Only Aderans has had enough funding. It really shows how nobody really believes any of them will find a true cure - because a true cure or even just a truly effective treatment would be a no-brainer of an investment.

But nobody wants to give them money, so obviously nobody believes they can do it.

----------


## jgold

we should form a posse / gang to force them to make us something that will work or help. realistic?

----------


## jman91

Maybe they should employ a crowd sourcing model to raise funds by making an an easy way to donate to these companies. Major lobby groups in america raise hundreds of millions a year by doing this. the giant demographic of sufferers would allow huge sums to be donated e.g if the 40 million hairloss sufferers in the US alone donated just $20 a year that would amount to 800 million dollars a year, with that kind of funding hairloss would be a thing of the past within 5 yrs....lets remember that companies like histogen are doing what they do with only 20-30 million dollars (that's just 75 cents a year from all US hairloss sufferes)! Maybe the bald truth admins should even set up a donations tool on this site.

----------


## DepressedByHairLoss

You're right, today's options are not only limited, but completely and utterly pathetic.  Most of us are so determined to fight hair loss and we need much better options to do so.  Yeah, Roland Lauster really does seem to have an awesome solution to hair loss.  Hair loss treatments do not get the necessary funding because hair loss is not considered a life-threatening disease.  And it gets so marginalized and made fun of in the media, that many people so very wrongly consider it to be a joke and not a big deal.

----------


## Kirby_

> You're right, today's options are not only limited, but completely and utterly pathetic.

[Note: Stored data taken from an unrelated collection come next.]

(* Let $k$ be a positive integer and $p$ a prime with $(p-1)\nmid k$. Let $a_{1},\dots,a_{s},n$ be integers such that $p\nmid a_{j}$ for at least $3k$ of the indices $j$. Then $\chi_{p}(\mathbf a,n)>0$.
   Context: $\varphi$ is Euler's function. For $\mathbf a=(a_1,\dots,a_s)$ and $n\in\mathbb Z$, let $M_{\mathbf a,n}(p^m)$ be the number of $(x_1,\dots,x_s)\in((\mathbb Z/p^m\mathbb Z)^\times)^s$ with $a_1x_1^k+\dots+a_sx_s^k\equiv n\pmod{p^m}$, and $\chi_p(\mathbf a,n)=\lim_{m\to\infty}p^m\varphi(p^m)^{-s}M_{\mathbf a,n}(p^m)$ (the $p$-adic density of the equation $a_1x_1^k+\dots+a_sx_s^k=n$ in units). *)

theory Defs
  imports "HOL-Analysis.Analysis" "HOL-Number_Theory.Number_Theory"
begin

definition M_count :: "nat \<Rightarrow> nat \<Rightarrow> (nat \<Rightarrow> int) \<Rightarrow> int \<Rightarrow> nat \<Rightarrow> nat \<Rightarrow> nat" where
  "M_count k s a n p m = card {x \<in> {..<s} \<rightarrow>\<^sub>E {0..<int p ^ m}.
      (\<forall>j<s. coprime (x j) (int p ^ m)) \<and>
      [(\<Sum>j<s. a j * x j ^ k) = n] (mod (int p ^ m))}"

definition chi_seq :: "nat \<Rightarrow> nat \<Rightarrow> (nat \<Rightarrow> int) \<Rightarrow> int \<Rightarrow> nat \<Rightarrow> nat \<Rightarrow> real" where
  "chi_seq k s a n p m = real (p ^ m) * real (M_count k s a n p m) / real (totient (p ^ m)) ^ s"

definition chi_p :: "nat \<Rightarrow> nat \<Rightarrow> (nat \<Rightarrow> int) \<Rightarrow> int \<Rightarrow> nat \<Rightarrow> real" where
  "chi_p k s a n p = lim (chi_seq k s a n p)"

end

theory Submission
  imports Defs
begin
(* Assume (I), (M), and that $(t,\mathbf q)\mapsto f(t,i,\mathbf q)$ is continuous for every $i\in S$. Let $\delta_n\downarrow0$, and for each $n$ let $u^n\in\mathcal A^n$ be an equilibrium of the discretized problem $V^n$, with $Q^n:=Q^{u^n,n}$. If there is $Q^*\in\mathcal Q$ such that (along a subsequence) $Q^n\to Q^*$, then $f(0,i,Q^*_i)+Q^*_i\cdot F(Q^* )\ge f(0,i,Q_i)+Q_i\cdot F(Q^* )$ for all $(i,Q)\in S\times\mathcal Q$; that is, $Q^*$ is a weak equilibrium.
   Context: Continuous-time setting: $S=\{1,\dots,N\}$; $E_i=\{q\in\mathbb R^N:q_j\ge0\ (j\ne i),\ q_i=-\sum_{j\ne i}q_j\}$; $D_i\subseteq E_i$ given; $\mathcal Q=\{Q\in\mathbb R^{N\times N}:Q_i\in D_i\ \forall i\}$ ($Q_i$ the $i$-th row); $X$ a continuous-time Markov chain with generator $Q$, $\mathbb E_{i,Q}$ expectation given $X_0=i$; payoff $f(t,i,\mathbf q)$ for $t\ge0,i\in S,\mathbf q\in D_i$; $F(i,Q)=\mathbb E_{i,Q}[\int_0^\infty f(t,X_t,Q_{X_t})dt]$, $F(Q)=(F(1,Q),\dots,F(N,Q))$. $Q\otimes_\varepsilon Q'$: generator $Q$ on $[0,\varepsilon]$, then $Q'$ on $(\varepsilon,\infty)$, with expected payoff $F(i,Q\otimes_\varepsilon Q')$; $Q^*$ is a weak equilibrium if $\liminf_{\varepsilon\downarrow0}\varepsilon^{-1}(F(i,Q^* )-F(i,Q\otimes_\varepsilon Q^* ))\ge0$ for all $Q\in\mathcal Q,i\in S$. (I): $\int_0^\infty\sup_{i,\mathbf q\in D_i,\|\mathbf q\|\le c}|f(t,i,\mathbf q)|dt<\infty$ for all $c>0$. (M): there is $T>0$ such that $t\mapsto|f(t,i,\mathbf q)|$ is nonincreasing on $[T,\infty)$ for all $i,\mathbf q$. Discretization: $\mathfrak P=\{\alpha\in\mathbb R_+^N:\sum_k\alpha_k=1\}$; $\tilde\alpha^{i,n}=(\alpha-e_i)/\delta_n$; $\kappa^n(k,i,\alpha)=f(k\delta_n,i,\tilde\alpha^{i,n})\,\delta_n$. For a transition matrix $u$, $Q^{u,n}=(u-I)/\delta_n$; $\mathcal A^n=\{u\text{ transition matrix}:Q^{u,n}\in\mathcal Q\}$. For a discrete-time Markov chain $Y$ with transition matrix $u$, $V^n(i,u)=\mathbb E_{i,u}[\sum_{k=0}^\infty\kappa^n(k,Y_k,u_{Y_k})]$; $u\otimes_1u'$ uses $u$ at time 0 and $u'$ afterwards; $u^n\in\mathcal A^n$ is an equilibrium of $V^n$ if $V^n(i,u^n)\ge V^n(i,u\otimes_1u^n)$ for all $i\in S,u\in\mathcal A^n$. *)

theory Defs
  imports "HOL-Analysis.Analysis"
begin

 Barely better than useless, yes. It depresses me so much to see people doing ridiculous things to compensate like taking the current trendy food supplement of the season - one might as well pray to one's pet poodle to stop your hairloss than that.  :Frown:

----------


## UK_

Big pharma wont listen, it's taken people close to a century to convince them that marijuana has medicinal properties.

----------


## Desmond84

We need a maverick Scandinavian country to come up with a new way to test for Drug Safety and abolish the pain staking task of conducting a 10 year pre-clinical and then clinical Phase I, II, III trials!

Hopefully, with Dr Lauster's microchip technology pre-clinical studies can be conducted at a much more rapid pace! 

The THREE phase trial system is the result of a 20th century methodology, which although is very sound and robust has considerably slowed down release of 1000's new therapies to the market, due to the cost of conducting such trials! 

The rate of NEW drug molecules being approved has declined by over 70% since the early 90's due to this very problem many Pharmaceutical companies are facing.

I personally don't blame Gail's frustration with sourcing funds to continue with her trials....

----------


## Desmond84

Once we can grow organs in a lab...Pharma labs should be allowed to simply have Kidney, Liver, Heart, Lung models that they get to test their products on! If all is good, there is no need for Phase I and II trials!

A Pharma company should conduct a small 6 month dose range finding study followed by a 12 month large scale Phase 3 study!

All in all...human trials should NOT exceed 2 years

----------


## drnigams

DESMOND,
Gerd and his company partners are into similar ambitious project..to create mini body organ systems with minimum cells and tissue with blood vessels in lab ,in microchip with bioreactors...i had a look at it when i was at thier lab..

They are right now developing blood vessels in vitro in lab..rest they
have..and than it is upto fda to recognise this is safe model..for testing clearance..for humans or atleast avoid animal testing...






> Once we can grow organs in a lab...Pharma labs should be allowed to simply have Kidney, Liver, Heart, Lung models that they get to test their products on! If all is good, there is no need for Phase I and II trials!
> 
> A Pharma company should conduct a small 6 month dose range finding study followed by a 12 month large scale Phase 3 study!
> 
> All in all...human trials should NOT exceed 2 years

----------


## DepressedByHairLoss

> We need a maverick Scandinavian country to come up with a new way to test for Drug Safety and abolish the pain staking task of conducting a 10 year pre-clinical and then clinical Phase I, II, III trials!
> 
> Hopefully, with Dr Lauster's microchip technology pre-clinical studies can be conducted at a much more rapid pace! 
> 
> The THREE phase trial system is the result of a 20th century methodology, which although is very sound and robust has considerably slowed down release of 1000's new therapies to the market, due to the cost of conducting such trials! 
> 
> The rate of NEW drug molecules being approved has declined by over 70% since the early 90's due to this very problem many Pharmaceutical companies are facing.
> 
> I personally don't blame Gail's frustration with sourcing funds to continue with her trials....


 Maybe Dr. Nigam's new technologies for hair regrowth can be released in India without these retardedly extensive clinical trials.  I would travel to India in a second if there was proof that my hair could be regrown without surgery.

----------


## StinkySmurf

> The THREE phase trial system is the result of a 20th century methodology, which although is very sound and robust has considerably slowed down release of 1000's new therapies to the market, due to the cost of conducting such trials!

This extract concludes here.